# Data for analysis

lemma TV_lower_semicontinuous:
  assumes "\<And>k. integrable (lborel_on T) (w k)" "integrable (lborel_on T) w0"
    and "(\<lambda>k. \<integral>t. \<bar>w k t - w0 t\<bar> \<partial>lborel_on T) \<longlonglongrightarrow> 0"
    and TV_bound: "\<And>k. TV T (w k) \<le> ereal (c k)" and c_lim: "c \<longlonglongrightarrow> c0"
  shows "TV T w0 \<le> ereal c0"
  unfolding TV_def set_integral_eq_integral_lborel_on
proof (rule SUP_least)
  fix \<phi> assume "\<phi> \<in> {\<phi> \<in> Cc1 T. \<forall>t. \<bar>\<phi> t\<bar> \<le> 1}"
  then have \<phi>: "\<phi> \<in> Cc1 T" "\<forall>t. \<bar>\<phi> t\<bar> \<le> 1" by auto
  obtain B where "deriv \<phi> \<in> borel_measurable (lborel_on T)" "AE t in lborel_on T. \<bar>deriv \<phi> t\<bar> \<le> B"
    using Cc1_deriv_bounded[OF \<phi>(1)] .
  with assms(1-3) have "(\<lambda>k. \<integral>t. w k t * deriv \<phi> t \<partial>lborel_on T) \<longlonglongrightarrow> (\<integral>t. w0 t * deriv \<phi> t \<partial>lborel_on T)"
    by (rule tendsto_integral_mult_bounded)
  moreover have "(\<integral>t. w k t * deriv \<phi> t \<partial>lborel_on T) \<le> c k" for k
    using order_trans[OF integral_deriv_le_TV[OF \<phi>] TV_bound] by simp
  ultimately have "(\<integral>t. w0 t * deriv \<phi> t \<partial>lborel_on T) \<le> c0"
    using c_lim by (intro LIMSEQ_le) auto
  then show "ereal (\<integral>t. w0 t * deriv \<phi> t \<partial>lborel_on T) \<le> ereal c0" by simp
qed

section \<open>The proximal-gradient iteration\<close>

lemma Gfun_leD:
  assumes le: "ereal a + Gfun T \<beta> V w \<le> ereal b + Gfun T \<beta> V v"
    and v: "v \<in> Uad T V" "TV T v = ereal tv" and w: "TV T w = ereal tw"
  shows "w \<in> Uad T V" and "a + \<beta> * tw \<le> b + \<beta> * tv"
proof -
  have "ereal b + Gfun T \<beta> V v = ereal (b + \<beta> * tv)"
    using v unfolding Gfun_def delta_Uad_def by simp
  with le w show "w \<in> Uad T V"
    unfolding Gfun_def delta_Uad_def by (cases "w \<in> Uad T V") simp_all
  with le v w show "a + \<beta> * tw \<le> b + \<beta> * tv"
    unfolding Gfun_def delta_Uad_def by simp
qed

lemma standingD:
  assumes "standing T \<beta> V F gradF"
  shows "T > 0" and "\<beta> > 0" and "finite V" and "L2 T w \<Longrightarrow> L2 T (gradF w)"
  using assms unfolding standing_def by auto

lemma prox_grad_seqD:
  assumes "prox_grad_seq T \<beta> V F gradF \<eta> u \<tau>"
  shows "u 0 \<in> Uad T V" and "\<tau> k > 0"
    and "L2 T w \<Longrightarrow> ereal (lin_model T F gradF (u k) (\<tau> k) (u (Suc k))) + Gfun T \<beta> V (u (Suc k))
                     \<le> ereal (lin_model T F gradF (u k) (\<tau> k) w) + Gfun T \<beta> V w"
  using assms unfolding prox_grad_seq_def by auto

lemma prox_grad_seq_Uad:
  assumes st: "standing T \<beta> V F gradF" and pg: "prox_grad_seq T \<beta> V F gradF \<eta> u \<tau>"
    and BV: "\<And>k. BV T (u k)"
  shows "u k \<in> Uad T V"
proof (cases k)
  case 0
  then show ?thesis using prox_grad_seqD(1)[OF pg] by simp
next
  case (Suc j)
  have "L2 T (u 0)"
    unfolding L2_iff_square_integrable
    by (rule Uad_square_integrable[OF prox_grad_seqD(1)[OF pg] standingD(3)[OF st]])
  from Gfun_leD(1)[OF prox_grad_seqD(3)[OF pg this, of j] prox_grad_seqD(1)[OF pg]
      BV_TV_eq_ereal[OF standingD(1)[OF st] BV] BV_TV_eq_ereal[OF standingD(1)[OF st] BV]]
  show ?thesis using Suc by simp
qed

lemma prox_step_TV_bound:
  assumes st: "standing T \<beta> V F gradF" and pg: "prox_grad_seq T \<beta> V F gradF \<eta> u \<tau>"
    and BV: "\<And>k. BV T (u k)" and v: "v \<in> Uad T V" "TV T v = ereal tv"
  shows "\<beta> * real_of_ereal (TV T (u (Suc k)))
    \<le> (\<integral>t. gradF (u k) t * (v t - u (Suc k) t) \<partial>lborel_on T)
      + \<tau> k / 2 * (\<integral>t. (v t - u k t)\<^sup>2 \<partial>lborel_on T) + \<beta> * tv"
proof -
  let ?M = "lborel_on T"
  have fin: "finite V" and T: "T > 0" using standingD[OF st] by auto
  have sq_u: "square_integrable ?M (u j)" for j
    by (rule Uad_square_integrable[OF prox_grad_seq_Uad[OF st pg BV] fin])
  have sq_v: "square_integrable ?M v" by (rule Uad_square_integrable[OF v(1) fin])
  have sq_g: "square_integrable ?M (gradF (u k))"
    using standingD(4)[OF st] sq_u unfolding L2_iff_square_integrable by blast
  have "lin_model T F gradF (u k) (\<tau> k) (u (Suc k)) + \<beta> * real_of_ereal (TV T (u (Suc k)))
      \<le> lin_model T F gradF (u k) (\<tau> k) v + \<beta> * tv"
    using sq_v unfolding L2_iff_square_integrable[symmetric]
    by (intro Gfun_leD(2)[OF prox_grad_seqD(3)[OF pg] v BV_TV_eq_ereal[OF T BV]])
  moreover have "(\<integral>t. gradF (u k) t * (v t - u k t) \<partial>?M) - (\<integral>t. gradF (u k) t * (u (Suc k) t - u k t) \<partial>?M)
      = (\<integral>t. gradF (u k) t * (v t - u (Suc k) t) \<partial>?M)"
    using sq_g sq_u sq_v
    by (simp add: square_integrable_diff square_integrable_integrable_mult right_diff_distrib
        flip: Bochner_Integration.integral_diff)
  moreover have "0 \<le> \<tau> k / 2 * (\<integral>t. (u (Suc k) t - u k t)\<^sup>2 \<partial>?M)"
    using prox_grad_seqD(2)[OF pg, of k] by simp
  ultimately show ?thesis
    unfolding lin_model_def ipL2_eq_integral nrm2L2_eq_integral by linarith
qed

lemma tendsto_L2_gradient_if_Lipschitz:
  assumes Lip: "\<exists>L. \<forall>v w. L2 T v \<longrightarrow> L2 T w \<longrightarrow>
            nrmL2 T (\<lambda>t. gradF v t - gradF w t) \<le> L * nrmL2 T (\<lambda>t. v t - w t)"
    and L2: "\<And>k. L2 T (u k)" "L2 T ubar"
    and lim: "(\<lambda>k. \<integral>t. (u k t - ubar t)\<^sup>2 \<partial>lborel_on T) \<longlonglongrightarrow> 0"
  shows "(\<lambda>k. \<integral>t. (gradF (u k) t - gradF ubar t)\<^sup>2 \<partial>lborel_on T) \<longlonglongrightarrow> 0"
proof -
  obtain L where L: "\<And>v w. L2 T v \<Longrightarrow> L2 T w \<Longrightarrow>
      nrmL2 T (\<lambda>t. gradF v t - gradF w t) \<le> L * nrmL2 T (\<lambda>t. v t - w t)"
    using Lip by blast
  have bound: "norm (\<integral>t. (gradF (u k) t - gradF ubar t)\<^sup>2 \<partial>lborel_on T)
      \<le> L\<^sup>2 * (\<integral>t. (u k t - ubar t)\<^sup>2 \<partial>lborel_on T)" for k
  proof -
    define A where "A = (\<integral>t. (gradF (u k) t - gradF ubar t)\<^sup>2 \<partial>lborel_on T)"
    define B where "B = (\<integral>t. (u k t - ubar t)\<^sup>2 \<partial>lborel_on T)"
    have "A \<ge> 0" "B \<ge> 0" unfolding A_def B_def by simp_all
    have "sqrt A \<le> L * sqrt B"
      using L[OF L2] unfolding A_def B_def nrmL2_def nrm2L2_eq_integral .
    also have "\<dots> \<le> sqrt (L\<^sup>2 * B)"
      using \<open>B \<ge> 0\<close> by (simp add: real_sqrt_mult mult_right_mono)
    finally show ?thesis
      using \<open>A \<ge> 0\<close> \<open>B \<ge> 0\<close> unfolding A_def[symmetric] B_def[symmetric] by simp
  qed
  from Lim_null_comparison[OF always_eventually[OF allI[OF bound]] tendsto_mult_right_zero[OF lim]]
  show ?thesis .
qed

lemma prox_grad_limit_TV_bound:
  assumes st: "standing T \<beta> V F gradF" and pg: "prox_grad_seq T \<beta> V F gradF \<eta> u \<tau>"
    and Lip: "\<exists>L. \<forall>v w. L2 T v \<longrightarrow> L2 T w \<longrightarrow>
            nrmL2 T (\<lambda>t. gradF v t - gradF w t) \<le> L * nrmL2 T (\<lambda>t. v t - w t)"
    and ubar: "ubar \<in> Uad T V" and conv: "wstar_conv_BV T u ubar"
    and r: "strict_mono r" "(\<tau> \<circ> r) \<longlonglongrightarrow> taubar"
    and v: "v \<in> Uad T V" "TV T v = ereal tv"
  shows "\<beta> * real_of_ereal (TV T ubar)
    \<le> (\<integral>t. gradF ubar t * (v t - ubar t) \<partial>lborel_on T)
      + taubar / 2 * (\<integral>t. (v t - ubar t)\<^sup>2 \<partial>lborel_on T) + \<beta> * tv"
proof -
  let ?M = "lborel_on T"
  have T: "T > 0" and \<beta>: "\<beta> > 0" and fin: "finite V" using standingD[OF st] by auto
  have BV: "\<And>k. BV T (u k)" "BV T ubar"
    and L1_lim: "(\<lambda>k. \<integral>t. \<bar>u k t - ubar t\<bar> \<partial>?M) \<longlonglongrightarrow> 0"
    using conv unfolding wstar_conv_BV_def set_integral_eq_integral_lborel_on by auto
  have U: "u k \<in> Uad T V" for k by (rule prox_grad_seq_Uad[OF st pg BV(1)])
  have sq: "\<And>k. square_integrable ?M (u k)" "square_integrable ?M ubar" "square_integrable ?M v"
    using U ubar v(1) fin by (auto intro: Uad_square_integrable)
  have sq_grad: "square_integrable ?M (gradF w)" if "square_integrable ?M w" for w
    using standingD(4)[OF st] that unfolding L2_iff_square_integrable .
  have u_lim: "(\<lambda>k. \<integral>t. (u k t - ubar t)\<^sup>2 \<partial>?M) \<longlonglongrightarrow> 0"
    by (rule tendsto_L2_if_tendsto_L1_bounded[OF Uad_integrable[OF U] Uad_integrable[OF ubar]
          Uad_AE_bounded[OF U fin] Uad_AE_bounded[OF ubar fin] L1_lim])
  have grad_lim: "(\<lambda>k. \<integral>t. (gradF (u k) t - gradF ubar t)\<^sup>2 \<partial>?M) \<longlonglongrightarrow> 0"
    using Lip sq(1,2) u_lim unfolding L2_iff_square_integrable[symmetric]
    by (rule tendsto_L2_gradient_if_Lipschitz)
  define P where "P k = (\<integral>t. gradF (u k) t * (v t - u (Suc k) t) \<partial>?M)" for k
  define Q where "Q k = (\<integral>t. (v t - u k t)\<^sup>2 \<partial>?M)" for k
  define R where "R k = P k + \<tau> k / 2 * Q k + \<beta> * tv" for k
  define X where "X = (\<integral>t. gradF ubar t * (v t - ubar t) \<partial>?M)
      + taubar / 2 * (\<integral>t. (v t - ubar t)\<^sup>2 \<partial>?M) + \<beta> * tv"
  have diff_lim: "(\<lambda>k. \<integral>t. ((v t - u k t) - (v t - ubar t))\<^sup>2 \<partial>?M) \<longlonglongrightarrow> 0"
    using u_lim by (simp add: power2_commute)
  have sq_diff: "square_integrable ?M (\<lambda>t. v t - u k t)" "square_integrable ?M (\<lambda>t. v t - ubar t)" for k
    using sq by (simp_all add: square_integrable_diff)
  have "P \<longlonglongrightarrow> (\<integral>t. gradF ubar t * (v t - ubar t) \<partial>?M)"
    unfolding P_def
    by (rule tendsto_integral_mult_L2[OF sq_grad[OF sq(1)] sq_grad[OF sq(2)] sq_diff
          grad_lim LIMSEQ_Suc[OF diff_lim]])
  moreover have "Q \<longlonglongrightarrow> (\<integral>t. (v t - ubar t)\<^sup>2 \<partial>?M)"
    using tendsto_integral_mult_L2[OF sq_diff sq_diff diff_lim diff_lim]
    unfolding Q_def by (simp only: power2_eq_square)
  ultimately have R_lim: "(\<lambda>j. R (r j)) \<longlonglongrightarrow> X"
    using r LIMSEQ_subseq_LIMSEQ[of P _ r] LIMSEQ_subseq_LIMSEQ[of Q _ r]
    unfolding R_def X_def comp_def by (intro tendsto_intros) auto
  have "TV T ubar \<le> ereal (X / \<beta>)"
  proof (rule TV_lower_semicontinuous)
    show "(\<lambda>j. \<integral>t. \<bar>u (Suc (r j)) t - ubar t\<bar> \<partial>?M) \<longlonglongrightarrow> 0"
      using LIMSEQ_subseq_LIMSEQ[OF LIMSEQ_Suc[OF L1_lim] r(1)] by (simp add: comp_def)
    show "TV T (u (Suc (r j))) \<le> ereal (R (r j) / \<beta>)" for j
    proof -
      from BV_TV_eq_ereal[OF T BV(1)] obtain c where c: "TV T (u (Suc (r j))) = ereal c"
        by (rule that)
      with prox_step_TV_bound[OF st pg BV(1) v, of "r j"] \<beta> show ?thesis
        unfolding R_def P_def Q_def by (simp add: field_simps)
    qed
    show "(\<lambda>j. R (r j) / \<beta>) \<longlonglongrightarrow> X / \<beta>"
      using R_lim \<beta> by (intro tendsto_divide tendsto_const) auto
  qed (use U ubar Uad_integrable in auto)
  moreover from BV_TV_eq_ereal[OF T BV(2)] obtain c where "TV T ubar = ereal c"
    by (rule that)
  ultimately show ?thesis
    using \<beta> unfolding X_def by (simp add: field_simps)
qed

# Task directions
Wherever the word "rule" appears in the listing above, copy the whole line.

# Exercise solution
proof (rule SUP_least)
    by (rule tendsto_integral_mult_bounded)
    by (rule Uad_square_integrable[OF prox_grad_seqD(1)[OF pg] standingD(3)[OF st]])
    by (rule Uad_square_integrable[OF prox_grad_seq_Uad[OF st pg BV] fin])
  have sq_v: "square_integrable ?M v" by (rule Uad_square_integrable[OF v(1) fin])
  have U: "u k \<in> Uad T V" for k by (rule prox_grad_seq_Uad[OF st pg BV(1)])
    by (rule tendsto_L2_if_tendsto_L1_bounded[OF Uad_integrable[OF U] Uad_integrable[OF ubar]
    by (rule tendsto_L2_gradient_if_Lipschitz)
    by (rule tendsto_integral_mult_L2[OF sq_grad[OF sq(1)] sq_grad[OF sq(2)] sq_diff
  proof (rule TV_lower_semicontinuous)
        by (rule that)
    by (rule that)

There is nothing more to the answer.